In one of the loveliest and most poignant passages in Byzantium, an old gentleman finds and reads a few fragments of Eleanor’s tale, grasps the blessing this grave angel might give, and invites her into his home. There, he shares black-and-white pictures from his youth, a photograph of a beautiful bride. “Your wife?” asks Eleanor. Without bitterness, the old man explains she married his brother and never knew she was the love of his life. His face is scored, yet sweetened, by age and suffering. It has become a poem, rich with authentic human experience. And now he would put a period to it: “I’ve spent quite enough time here, believe me.”

“Time” is the most frequently occurring word in Byzantium. Clara frees her aged friend from time by opening a vein in his wrist. But, centuries ago, she herself found “the end of time” in a landscape as primal and immanent as anything in John Boorman’s Excalibur. Beneath bleak cliffs washed by waterfalls, she enters—as her mother did before her—a breast-shaped rock cairn. Clouds of black birds burst into the sky as she struggles through a narrow cleft, to meet and murder her mortal self.  The falls run red, celebrating simultaneous death and birth. It’s a profoundly disturbing, magnificent image, as though the earth itself wept blood. In that rough womb-tomb, as on Keats’ Grecian urn, the ravages and pleasures of time are forever halted.

Buffini wrote her play for young people. But little in Byzantium speaks to youth; this slow, meandering, often enervated narrative seems more likely to appeal to old souls. There’s nothing like the hot, overpowering odor of sex and birth and death that characterizes Jordan’s The Company of Wolves (1984). That film chronicles—through Jungian imagery—a young girl’s rite of passage into womanhood, and the story revels in nature’s blood and mire. For the young woman in Wolves the flow of blood, her menarche, marks change, a new identity. Rosaleen is diving into time, a river of experience that will eventually dry up in death. In contrast, Eleanor has stepped out of time, the bloody waterfall signaling arrested development, like that of the vampire child in Interview.
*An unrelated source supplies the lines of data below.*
(* Let $T$ be the linear operator on $L^2(0,\pi/2)$ defined by $$(Tf)(v)=\int_0^{\pi/2} f(u)K_1(u,v)\,du=\int_0^{(\pi/2)-v} f(u)\,du,$$ where $K_1(u,v)=1$ if $u+v<\pi/2$ and $K_1(u,v)=0$ otherwise. Then $T$ is a compact self-adjoint operator. Its eigenvalues are exactly the numbers $1/(4k+1)$ for $k\in\mathbf{Z}$, each of multiplicity one, and the corresponding eigenfunctions, which are mutually orthogonal, are $u\mapsto\cos((4k+1)u)$. *)

theory Defs
  imports "HOL-Analysis.Analysis"
begin

text \<open>The interval (0, pi/2) with Lebesgue measure; real-valued L^2 is modelled by
  measurable square-integrable functions, equality in L^2 being equality almost everywhere.\<close>

definition Ihalf :: "real set" where
  "Ihalf = {0<..<pi/2}"

abbreviation M :: "real measure" where
  "M \<equiv> lebesgue_on Ihalf"

definition sq_int :: "(real \<Rightarrow> real) \<Rightarrow> bool" where
  "sq_int f \<longleftrightarrow> f \<in> borel_measurable M \<and> integrable M (\<lambda>u. (f u)^2)"

definition l2_inner :: "(real \<Rightarrow> real) \<Rightarrow> (real \<Rightarrow> real) \<Rightarrow> real" where
  "l2_inner f g = (LINT u|M. f u * g u)"

definition l2_norm :: "(real \<Rightarrow> real) \<Rightarrow> real" where
  "l2_norm f = sqrt (l2_inner f f)"

definition K1 :: "real \<Rightarrow> real \<Rightarrow> real" where
  "K1 u v = (if u + v < pi/2 then 1 else 0)"

definition Top :: "(real \<Rightarrow> real) \<Rightarrow> (real \<Rightarrow> real)" where
  "Top f v = (LINT u|M. f u * K1 u v)"

definition compact_op :: "((real \<Rightarrow> real) \<Rightarrow> (real \<Rightarrow> real)) \<Rightarrow> bool" where
  "compact_op T \<longleftrightarrow> (\<forall>f. sq_int f \<longrightarrow> sq_int (T f)) \<and>
     (\<forall>fs :: nat \<Rightarrow> real \<Rightarrow> real. (\<forall>n. sq_int (fs n)) \<and> (\<exists>B. \<forall>n. l2_norm (fs n) \<le> B) \<longrightarrow>
        (\<exists>r g. strict_mono r \<and> sq_int g \<and>
           (\<lambda>n. l2_norm (\<lambda>v. T (fs (r n)) v - g v)) \<longlonglongrightarrow> 0))"

definition self_adjoint_op :: "((real \<Rightarrow> real) \<Rightarrow> (real \<Rightarrow> real)) \<Rightarrow> bool" where
  "self_adjoint_op T \<longleftrightarrow> (\<forall>f g. sq_int f \<and> sq_int g \<longrightarrow> l2_inner (T f) g = l2_inner f (T g))"

definition eigenspace_op :: "((real \<Rightarrow> real) \<Rightarrow> (real \<Rightarrow> real)) \<Rightarrow> real \<Rightarrow> (real \<Rightarrow> real) set" where
  "eigenspace_op T \<mu> = {f. sq_int f \<and> (AE v in M. T f v = \<mu> * f v)}"

definition is_eigenvalue :: "((real \<Rightarrow> real) \<Rightarrow> (real \<Rightarrow> real)) \<Rightarrow> real \<Rightarrow> bool" where
  "is_eigenvalue T \<mu> \<longleftrightarrow> (\<exists>f \<in> eigenspace_op T \<mu>. \<not> (AE u in M. f u = 0))"

end

theory Submission
  imports Defs "HOL-Library.Diagonal_Subsequence"
begin

(* Since Top f v is the inner product of f with K1(., v), Cauchy-Schwarz gives
   |Top f x - Top f y| <= ||f|| sqrt |x - y| and |Top f v| <= ||f|| sqrt (pi/2).  A bounded sequence
   is therefore mapped to a bounded equicontinuous family, which has a pointwise convergent
   subsequence (diagonal argument over the rationals); dominated convergence turns this into
   L^2 convergence.  Self-adjointness is Fubini for the symmetric kernel.

   If Top f = mu f with mu <> 0, then g = Top f is continuous and g v = (1/mu) * int_0^(pi/2 - v) g,
   so P x = int_0^x g solves P' x = P (pi/2 - x) / mu with P 0 = 0.  The energy
   (P x - A sin (x/mu))^2 + (P (pi/2 - x) - A cos (x/mu))^2, A = P (pi/2), is constant and vanishes
   at 0, hence f = c cos (u/mu) almost everywhere, and c <> 0 forces sin (pi/(2 mu)) = 1, i.e.
   mu = 1/(4k+1).  The value 0 is excluded by the Lebesgue differentiation theorem, since Top f = 0
   says that all integrals of f over (0, x) vanish. *)

section \<open>Square-integrable functions on the interval\<close>

lemma Ihalf_lmeasurable: "Ihalf \<in> lmeasurable"
  by (simp add: Ihalf_def)

lemma finite_measure_M: "finite_measure M"
  by (rule finite_measure_lebesgue_on[OF Ihalf_lmeasurable])

lemma measure_M_Ihalf: "measure M Ihalf = pi/2"
  using Ihalf_lmeasurable by (simp add: measure_restrict_space Ihalf_def)

lemma integrable_M_bounded:
  fixes h :: "real \<Rightarrow> real"
  assumes "h \<in> borel_measurable M" and "\<And>x. x \<in> Ihalf \<Longrightarrow> \<bar>h x\<bar> \<le> C"
  shows "integrable M h"
  using assms
  by (intro Bochner_Integration.integrable_bound[OF finite_measure.integrable_const[OF finite_measure_M, of C]])
     (auto intro!: AE_I2 intro: order_trans[OF _ abs_ge_self])

lemma sq_int_bounded:
  assumes "h \<in> borel_measurable M" and "\<And>x. x \<in> Ihalf \<Longrightarrow> \<bar>h x\<bar> \<le> C"
  shows "sq_int h"
  unfolding sq_int_def
proof
  show "integrable M (\<lambda>u. (h u)^2)"
    using assms by (intro integrable_M_bounded[where C = "C^2"])
      (auto simp flip: abs_le_square_iff intro: order_trans[OF _ abs_ge_self])
qed fact

lemma sq_int_continuous:
  assumes "continuous_on {0..pi/2} h"
  shows "sq_int h"
proof -
  have "bounded (h ` {0..pi/2})"
    by (rule compact_imp_bounded[OF compact_continuous_image[OF assms compact_Icc]])
  then obtain C where C: "\<And>x. x \<in> {0..pi/2} \<Longrightarrow> norm (h x) \<le> C"
    unfolding bounded_iff by blast
  have "continuous_on Ihalf h"
    using assms by (rule continuous_on_subset) (auto simp: Ihalf_def)
  then show ?thesis
    using C by (intro sq_int_bounded[where C = C] continuous_imp_measurable_on_sets_lebesgue)
      (auto simp: Ihalf_def)
qed

lemma sq_int_integrable_mult:
  assumes f: "sq_int f" and g: "sq_int g"
  shows "integrable M (\<lambda>u. f u * g u)"
proof (rule Bochner_Integration.integrable_bound)
  show "integrable M (\<lambda>u. (f u)^2 + (g u)^2)"
    using f g by (simp add: sq_int_def)
  show "(\<lambda>u. f u * g u) \<in> borel_measurable M"
    using f g by (auto simp: sq_int_def)
  show "AE u in M. norm (f u * g u) \<le> norm ((f u)^2 + (g u)^2)"
  proof (intro AE_I2)
    fix u
    have "\<bar>f u * g u\<bar> \<le> (f u)^2 + (g u)^2"
      using sum_squares_bound[of "\<bar>f u\<bar>" "\<bar>g u\<bar>"] abs_ge_zero[of "f u * g u"]
      unfolding power2_abs abs_mult by linarith
    then show "norm (f u * g u) \<le> norm ((f u)^2 + (g u)^2)"
      by simp
  qed
qed

lemma sq_int_const: "sq_int (\<lambda>_. c)"
  by (rule sq_int_bounded[where C = "\<bar>c\<bar>"]) simp_all

lemma sq_int_integrable:
  assumes "sq_int f"
  shows "integrable M f"
  using sq_int_integrable_mult[OF assms sq_int_const[of 1]] by simp

lemma discriminant_le_if_quadratic_nonneg:
  fixes a b c :: real
  assumes nonneg: "\<And>s. 0 \<le> a + 2 * s * b + s^2 * c" and "0 \<le> c"
  shows "b^2 \<le> a * c"
proof (cases "c = 0")
  case True
  have "b = 0"
  proof (rule ccontr)
    assume "b \<noteq> 0"
    then have "a + 2 * (- (a + 1) / (2 * b)) * b + (- (a + 1) / (2 * b))^2 * c = -1"
      using True by (simp add: field_simps)
    with nonneg show False
      by (metis neg_0_le_iff_le not_one_le_zero)
  qed
  with True show ?thesis by simp
next
  case False
  with \<open>0 \<le> c\<close> have "c > 0" by simp
  have "a + 2 * (- b / c) * b + (- b / c)^2 * c = a - b^2 / c"
    using \<open>c > 0\<close> by (simp add: field_simps power2_eq_square)
  with nonneg have "b^2 / c \<le> a"
    by (metis diff_ge_0_iff_ge)
  with \<open>c > 0\<close> show ?thesis
    by (simp add: pos_divide_le_eq mult.commute)
qed

lemma l2_inner_Cauchy_Schwarz:
  assumes f: "sq_int f" and g: "sq_int g"
  shows "\<bar>l2_inner f g\<bar> \<le> l2_norm f * l2_norm g"
proof -
  have "0 \<le> l2_inner f f + 2 * s * l2_inner f g + s^2 * l2_inner g g" for s
  proof -
    have "0 \<le> (LINT u|M. (f u + s * g u) * (f u + s * g u))"
      by (rule Bochner_Integration.integral_nonneg) simp
    also have "\<dots> = (LINT u|M. f u * f u + 2 * s * (f u * g u) + s^2 * (g u * g u))"
      by (rule Bochner_Integration.integral_cong) (simp_all add: algebra_simps power2_eq_square)
    also have "\<dots> = l2_inner f f + 2 * s * l2_inner f g + s^2 * l2_inner g g"
      using sq_int_integrable_mult[OF f f] sq_int_integrable_mult[OF f g] sq_int_integrable_mult[OF g g]
      by (simp add: l2_inner_def Bochner_Integration.integral_add)
    finally show ?thesis .
  qed
  moreover have "0 \<le> l2_inner g g"
    unfolding l2_inner_def by (rule Bochner_Integration.integral_nonneg) simp
  ultimately have "(l2_inner f g)^2 \<le> l2_inner f f * l2_inner g g"
    by (rule discriminant_le_if_quadratic_nonneg)
  then have "sqrt ((l2_inner f g)^2) \<le> sqrt (l2_inner f f * l2_inner g g)"
    by (rule real_sqrt_le_mono)
  then show ?thesis
    by (simp add: l2_norm_def real_sqrt_mult)
qed

section \<open>Continuity estimates for the integral operator\<close>

lemma ident_borel_measurable_lebesgue_on[measurable]:
  "(\<lambda>x. x) \<in> borel_measurable (lebesgue_on S)"
  using id_borel_measurable_lebesgue_on by (simp add: id_def)

lemma K1_measurable[measurable]: "(\<lambda>u. K1 u v) \<in> borel_measurable (lebesgue_on S)"
  unfolding K1_def by measurable

lemma Top_eq_l2_inner: "Top f v = l2_inner f (\<lambda>u. K1 u v)"
  by (simp add: Top_def l2_inner_def)

lemma sq_int_K1: "sq_int (\<lambda>u. K1 u v)"
  by (rule sq_int_bounded[where C = 1]) (measurable, simp add: K1_def)

lemma sq_int_K1_diff: "sq_int (\<lambda>u. K1 u x - K1 u y)"
  by (rule sq_int_bounded[where C = 1]) (measurable, simp add: K1_def)

lemma l2_norm_K1_le: "l2_norm (\<lambda>u. K1 u v) \<le> sqrt (pi/2)"
proof -
  have "l2_inner (\<lambda>u. K1 u v) (\<lambda>u. K1 u v) \<le> (LINT u|M. 1)"
    unfolding l2_inner_def
    by (intro integral_mono integrable_M_bounded[where C = 1] finite_measure.integrable_const[OF finite_measure_M])
       (measurable, auto simp: K1_def)
  also have "\<dots> = pi/2"
    by (simp add: measure_M_Ihalf)
  finally show ?thesis
    unfolding l2_norm_def by (rule real_sqrt_le_mono)
qed

lemma K1_diff_sq_le:
  "(K1 u x - K1 u y) * (K1 u x - K1 u y) \<le> indicator {pi/2 - max x y .. pi/2 - min x y} u"
  by (cases "x \<le> y") (simp_all add: K1_def indicator_def max_def min_def)

lemma l2_norm_K1_diff_le: "l2_norm (\<lambda>u. K1 u x - K1 u y) \<le> sqrt \<bar>x - y\<bar>"
proof -
  define J where "J = {pi/2 - max x y .. pi/2 - min x y}"
  have "l2_inner (\<lambda>u. K1 u x - K1 u y) (\<lambda>u. K1 u x - K1 u y) \<le> (LINT u|M. indicator J u)"
    unfolding l2_inner_def J_def
    by (intro integral_mono integrable_M_bounded[where C = 1] K1_diff_sq_le)
       (measurable, simp_all add: K1_def indicator_def)
  also have "\<dots> = measure lebesgue (J \<inter> Ihalf)"
    by (simp add: measure_restrict_space J_def Ihalf_def Int_commute)
  also have "\<dots> \<le> measure lebesgue J"
    by (rule measure_mono_fmeasurable) (auto simp: J_def Ihalf_def)
  also have "\<dots> = \<bar>x - y\<bar>"
    unfolding J_def by (cases "x \<le> y") (simp_all add: max_def min_def)
  finally show ?thesis
    unfolding l2_norm_def by (rule real_sqrt_le_mono)
qed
But Eleanor does finally hearken back to Wolves’ Red Riding Hood, her human sister, in a dim but promising echo of Rosaleen’s coming of age. Ceremonially, Eleanor dons a scarlet-hooded jacket—first sign of color in her relentlessly beige couture—when she’s wakened from her somnolent state by unexpected connection with a ginger-haired boy (Caleb Landry Jones). Pale as death, thinned by leukemia, Frank looks the perfect Romantic hero; a scratch is all it takes for his blood to pour out of his body. Is it possible that Eleanor, her umbilical bond to man-hating mom severed, might break out of her closed circle, lose her vampire virginity, begin a new storyline?

Byzantium’s storyline advances by fits and starts, and peters out in a rather perfunctory climax. Jordan’s signature visual/emotional style doesn’t feel consistently engaged; his themes don’t find organic expression. Still, there are throwaway moments of startling beauty: a screen-spanning field of cabbages, tightly wrapped in silvered leaves like alien skulls swollen with secrets; the heavy pearlescent light in which old men and women swim and drown, in the luxe hotel where Eleanor appropriates the piano for a long, dreamy musical interlude. (“The pearl remains forever while the oyster’s flesh rots around it,” remarks one unforgiving vampire.)

And maybe, in the end, Byzantium achieves some salutary evolution, a way out of the no-exit claustrophobia of constricted lives and repetitious stories. For me, Jordan’s latest seems largely as enervated as the lives of his vampires, coming to life only in the fierce performances of Arterton and especially Ronan. Their faces—one dark and full-featured, the other bright, refined—reflect passionate female appetite, to know and be known.